(Dir. Herman Shumlin) (1943)
Nazis, ISIS, Port Adelaide Football Club…the forces of evil bring us together and so it proves here, in Warner Brothers’ film of Lillian Hellman’s play about a member of the resistance and his family, seeking refuge from the Nazis in his wife’s family dream house in Washington DC, some time before Pearl Harbour shook the American lethargy…
Bette Davis and Paul Lukas are given some very snappy lines, but they rise above them and give us performances that convince us of a couple driven to poverty and danger, for a cause. Bette Davis is wonderful (some thought her role marginalised and consequently over the top – completely wrong) and Paul Lukas, a brilliant actor, gives an astounding performance, suggesting the drive, passion, steel, and the guilt, of the true, committed warrior against tyranny. The guilt, that is, of a man who must do wicked things in a higher cause, who sacrifices not only himself, but his willing, loving wife, and children too.

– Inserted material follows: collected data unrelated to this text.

lemma prob_mistakes_le_self_bounding:
  fixes q :: "'i \<Rightarrow> 'k pmf" and K L S \<delta> :: real and B H :: "'w \<Rightarrow> real"
  assumes "finite I" "0 < \<delta>" "1 \<le> K" "0 \<le> L" "0 \<le> S"
    and expected: "(\<Sum>t\<in>I. 1 - pmf (q t) (yy t)) \<le> (1 - 1 / K) * S"
    and self_bound: "\<And>U. U \<in> \<W> \<Longrightarrow> S \<le> B U + H U * sqrt (2 * L * S)"
  shows "1 - \<delta> \<le> measure_pmf.prob (Pi_pmf I dflt q)
           {yp. \<forall>U\<in>\<W>. (\<Sum>t\<in>I. if yp t \<noteq> yy t then 1 else 0)
              \<le> B U + K * L * (H U)\<^sup>2 + (3 * K + 1) / 2 * ln (1 / \<delta>)}"
proof -
  define lam where "lam = 2 / (3 * K + 1)"
  have "0 < lam"
    using \<open>1 \<le> K\<close> by (simp add: lam_def add_pos_pos)
  have expected_le: "(exp lam - 1) / lam * (\<Sum>t\<in>I. 1 - pmf (q t) (yy t)) \<le> B U + K * L * (H U)\<^sup>2"
    if "U \<in> \<W>" for U
  proof -
    have "(exp lam - 1) / lam * (\<Sum>t\<in>I. 1 - pmf (q t) (yy t)) \<le> (exp lam - 1) / lam * ((1 - 1 / K) * S)"
      using expected \<open>0 < lam\<close> by (intro mult_left_mono) auto
    also have "\<dots> \<le> (1 - 1 / (2 * K)) * S"
      unfolding mult.assoc[symmetric] using exp_rate_general_bound[OF \<open>1 \<le> K\<close>] \<open>0 \<le> S\<close>
      by (intro mult_right_mono) (simp_all add: lam_def)
    also have "\<dots> \<le> B U + K * L * (H U)\<^sup>2"
      using \<open>1 \<le> K\<close> assms(4,5) self_bound[OF that] by (intro self_bounding_le) auto
    finally show ?thesis .
  qed
  have "ln (1 / \<delta>) / lam = (3 * K + 1) / 2 * ln (1 / \<delta>)"
    by (simp add: lam_def)
  then have threshold_le: "((exp lam - 1) * (\<Sum>t\<in>I. 1 - pmf (q t) (yy t)) + ln (1 / \<delta>)) / lam
      \<le> B U + K * L * (H U)\<^sup>2 + (3 * K + 1) / 2 * ln (1 / \<delta>)" if "U \<in> \<W>" for U
    using expected_le[OF that] by (simp only: add_divide_distrib times_divide_eq_left[symmetric])
  have incl: "{yp. (\<Sum>t\<in>I. if yp t \<noteq> yy t then 1 else 0)
              \<le> ((exp lam - 1) * (\<Sum>t\<in>I. 1 - pmf (q t) (yy t)) + ln (1 / \<delta>)) / lam}
      \<subseteq> {yp. \<forall>U\<in>\<W>. (\<Sum>t\<in>I. if yp t \<noteq> yy t then 1 else 0)
              \<le> B U + K * L * (H U)\<^sup>2 + (3 * K + 1) / 2 * ln (1 / \<delta>)}"
    (is "?good \<subseteq> ?target")
    using threshold_le by (auto intro: order_trans)
  have "1 - \<delta> \<le> measure_pmf.prob (Pi_pmf I dflt q) ?good"
    by (rule Pi_pmf_mistakes_chernoff[OF \<open>finite I\<close> \<open>0 < lam\<close> \<open>0 < \<delta>\<close>])
  also have "\<dots> \<le> measure_pmf.prob (Pi_pmf I dflt q) ?target"
    using incl by (intro measure_pmf.finite_measure_mono) simp_all
  finally show ?thesis .
qed
lemma octa_limit_congruent:
  fixes q :: "nat \<Rightarrow> real^3"
  assumes "\<forall>F\<in>octahedron. \<forall>a\<in>F. \<forall>b\<in>F. dist (q a) (q b) = dist (octa_pos 0 1 a) (octa_pos 0 1 b)"
  shows "\<exists>g. (\<forall>x y. dist (g x) (g y) = dist x y) \<and> (\<forall>v\<in>verts octahedron. g (octa_pos 0 1 v) = q v)"
proof -
  interpret octa_param 0 1
    by (rule octa_param_1) simp
  define u where "u i = q i - q 0" for i
  have dist_u: "dist (u a) (u b) = dist (q a) (q b)" for a b
    by (simp add: u_def dist_norm)
  have edge: "dist (q a) (q b) = dist (octa_pos 0 1 a) (octa_pos 0 1 b)"
    if "F \<in> octahedron" "a \<in> F" "b \<in> F" for F a b
    using assms that by blast
  have faces: "{0,2,3} \<in> octahedron" "{0,4,3} \<in> octahedron" "{0,2,5} \<in> octahedron"
    "{0,4,5} \<in> octahedron" "{1,2,3} \<in> octahedron" "{1,4,3} \<in> octahedron"
    by (simp_all add: octahedron_def)
  have "norm (u 2) = 1" "norm (u 3) = sqrt 2" "norm (u 4) = 1" "norm (u 5) = sqrt 2"
    using edge[OF faces(1), of 0 2] edge[OF faces(1), of 0 3]
      edge[OF faces(2), of 0 4] edge[OF faces(3), of 0 5]
    by (simp_all add: u_def octa_dists dist_norm norm_minus_commute)
  moreover have "dist (u 3) (u 2) = 1" "dist (u 5) (u 2) = 1" "dist (u 3) (u 4) = 1"
    "dist (u 5) (u 4) = sqrt 5"
    using edge[OF faces(1), of 2 3] edge[OF faces(3), of 2 5]
      edge[OF faces(2), of 3 4] edge[OF faces(4), of 4 5]
    by (simp_all add: dist_u octa_dists dist_commute)
  moreover have apex: "dist (u 1) (u 2) = 1" "dist (u 1) (u 3) = sqrt 2" "dist (u 1) (u 4) = 1"
    using edge[OF faces(5), of 1 2] edge[OF faces(5), of 1 3] edge[OF faces(6), of 1 4]
    by (simp_all add: u_def octa_dists dist_norm norm_minus_commute)
  ultimately have frame: "u 2 \<bullet> u 4 = 0" "u 3 = u 2 + u 4" "u 5 = u 2 - u 4"
    using flat_quadrilateral by blast+
  have "u 1 = 0"
    using apex frame \<open>norm (u 2) = 1\<close> \<open>norm (u 3) = sqrt 2\<close> \<open>norm (u 4) = 1\<close>
    by (intro eq_0_if_equidistant[of "u 1" "u 2" "u 4"]) auto
  define g where "g x = q 0 + x$1 *\<^sub>R u 2 + x$2 *\<^sub>R u 4 + x$3 *\<^sub>R cross3 (u 2) (u 4)" for x :: "real^3"
  have "\<forall>x y. dist (g x) (g y) = dist x y"
    using orthonormal_frame_isometry \<open>norm (u 2) = 1\<close> \<open>norm (u 4) = 1\<close> frame(1)
    unfolding g_def by blast
  moreover have "\<forall>v\<in>verts octahedron. g (octa_pos 0 1 v) = q v"
  proof -
    have "g (vector [a, b, 0]) = q 0 + a *\<^sub>R u 2 + b *\<^sub>R u 4" for a b
      by (simp add: g_def)
    moreover have "g 0 = q 0"
      by (simp add: g_def)
    moreover have "q 1 = q 0" "q 2 = q 0 + u 2" "q 3 = q 0 + u 2 + u 4" "q 4 = q 0 + u 4"
      "q 5 = q 0 + u 2 - u 4"
      using frame \<open>u 1 = 0\<close> by (auto simp: u_def algebra_simps)
    ultimately show ?thesis
      by (auto simp: verts_octahedron octa_pos_at_1)
  qed
  ultimately show ?thesis
    by blast
qed
text \<open>Suppose a \<open>k\<close>-saturated graph has fewer edges than vertices, and let \<open>v\<close> be a vertex of
  maximum degree. Adding a missing edge creates a degree monotone path on at least \<open>k\<close> vertices,
  and this path must pass through an endpoint of the new edge. If \<open>u\<close> is isolated, or a leaf
  not adjacent to \<open>v\<close>, join \<open>u\<close> to \<open>v\<close>: since \<open>v\<close> is now a strict maximum of the degrees, the
  new long path descends from \<open>v\<close> into \<open>u\<close> (or starts at \<open>u\<close>), which yields a path on \<open>k - 1\<close>
  vertices of the original graph starting at \<open>u\<close> with all degrees at most 2. For isolated \<open>u\<close>
  this is absurd; for a leaf it makes \<open>u\<close> the end of a path component on \<open>k - 1\<close> or \<open>k\<close>
  vertices, and a chord inside such a component creates no long monotone path. So there are no
  isolated vertices and all leaves are adjacent to \<open>v\<close>. A perfect matching is not saturated, so
  \<open>deg v \<ge> 2\<close>; then the degree sum \<open>2|E| < 2|V|\<close> forces at least \<open>deg v\<close> leaves, so \<open>v\<close> and
  its neighbours form a star component, and a chord between two of its leaves again creates no
  long monotone path: every long path would have to pass a leaf hanging from the peak \<open>v\<close>.\<close>

definition ascending :: "('a \<Rightarrow> 'b::linorder) \<Rightarrow> 'a list \<Rightarrow> bool" where
  "ascending f p \<longleftrightarrow> (\<forall>i. Suc i < length p \<longrightarrow> f (p ! i) \<le> f (p ! Suc i))"

definition descending :: "('a \<Rightarrow> 'b::linorder) \<Rightarrow> 'a list \<Rightarrow> bool" where
  "descending f p \<longleftrightarrow> (\<forall>i. Suc i < length p \<longrightarrow> f (p ! Suc i) \<le> f (p ! i))"

lemma sorted_map_iff_ascending: "sorted (map f p) \<longleftrightarrow> ascending f p"
  by (simp add: sorted_iff_nth_Suc ascending_def)

lemma sorted_rev_map_iff_descending: "sorted (rev (map f p)) \<longleftrightarrow> descending f p"
proof -
  have "sorted (rev (map f p)) \<longleftrightarrow> sorted_wrt (\<ge>) (map f p)"
    by (simp add: sorted_wrt_rev)
  also have "\<dots> \<longleftrightarrow> descending f p"
    by (subst sorted_wrt_iff_nth_Suc_transp) (auto simp: transp_def descending_def)
  finally show ?thesis .
qed

lemma degree_monotone_path_iff:
  "degree_monotone_path V E p \<longleftrightarrow>
     is_path V E p \<and> (ascending (degree E) p \<or> descending (degree E) p)"
  by (simp add: degree_monotone_path_def sorted_map_iff_ascending sorted_rev_map_iff_descending)

lemma descending_nth_mono:
  "descending f p \<Longrightarrow> i \<le> j \<Longrightarrow> j < length p \<Longrightarrow> f (p ! j) \<le> f (p ! i)"
  by (induction j) (auto simp: descending_def le_Suc_eq intro: order_trans)

lemma ascending_rev_iff: "ascending f (rev p) \<longleftrightarrow> descending f p"
  unfolding ascending_def descending_def
proof (intro iffI allI impI)
  fix i assume mono: "\<forall>i. Suc i < length (rev p) \<longrightarrow> f (rev p ! i) \<le> f (rev p ! Suc i)"
    and i: "Suc i < length p"
  from mono[rule_format, of "length p - Suc (Suc i)"] i show "f (p ! Suc i) \<le> f (p ! i)"
    by (simp add: rev_nth Suc_diff_Suc)
next
  fix i assume mono: "\<forall>i. Suc i < length p \<longrightarrow> f (p ! Suc i) \<le> f (p ! i)"
    and i: "Suc i < length (rev p)"
  from mono[rule_format, of "length p - Suc (Suc i)"] i show "f (rev p ! i) \<le> f (rev p ! Suc i)"
    by (simp add: rev_nth Suc_diff_Suc)
qed

lemma descending_rev_iff: "descending f (rev p) \<longleftrightarrow> ascending f p"
  using ascending_rev_iff[of f "rev p"] by simp

lemma descending_tl: "descending f p \<Longrightarrow> descending f (tl p)"
  by (simp add: descending_def nth_tl)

Whilst obviously propaganda straight from Broadway and fed into the Warners’ mill, this is good propaganda, because it is human and, indeed, true. Lukas’ loving youngest son is described as “My biographer…and as accurate as most of them” but the build-up of his character is a great reminder that “fighter against fascism” once was a real job description, and one dark day, may be again, perforce.
And they get to ascend the Washington monument! P was told (in the Land of the Free, circa 1995) this couldn’t be done…It was almost Old Europe vs the New World! In the final analysis, this is a classic love story of a love that can shine under severe duress. One hopes another tyrannical threat is not required for more films such as this.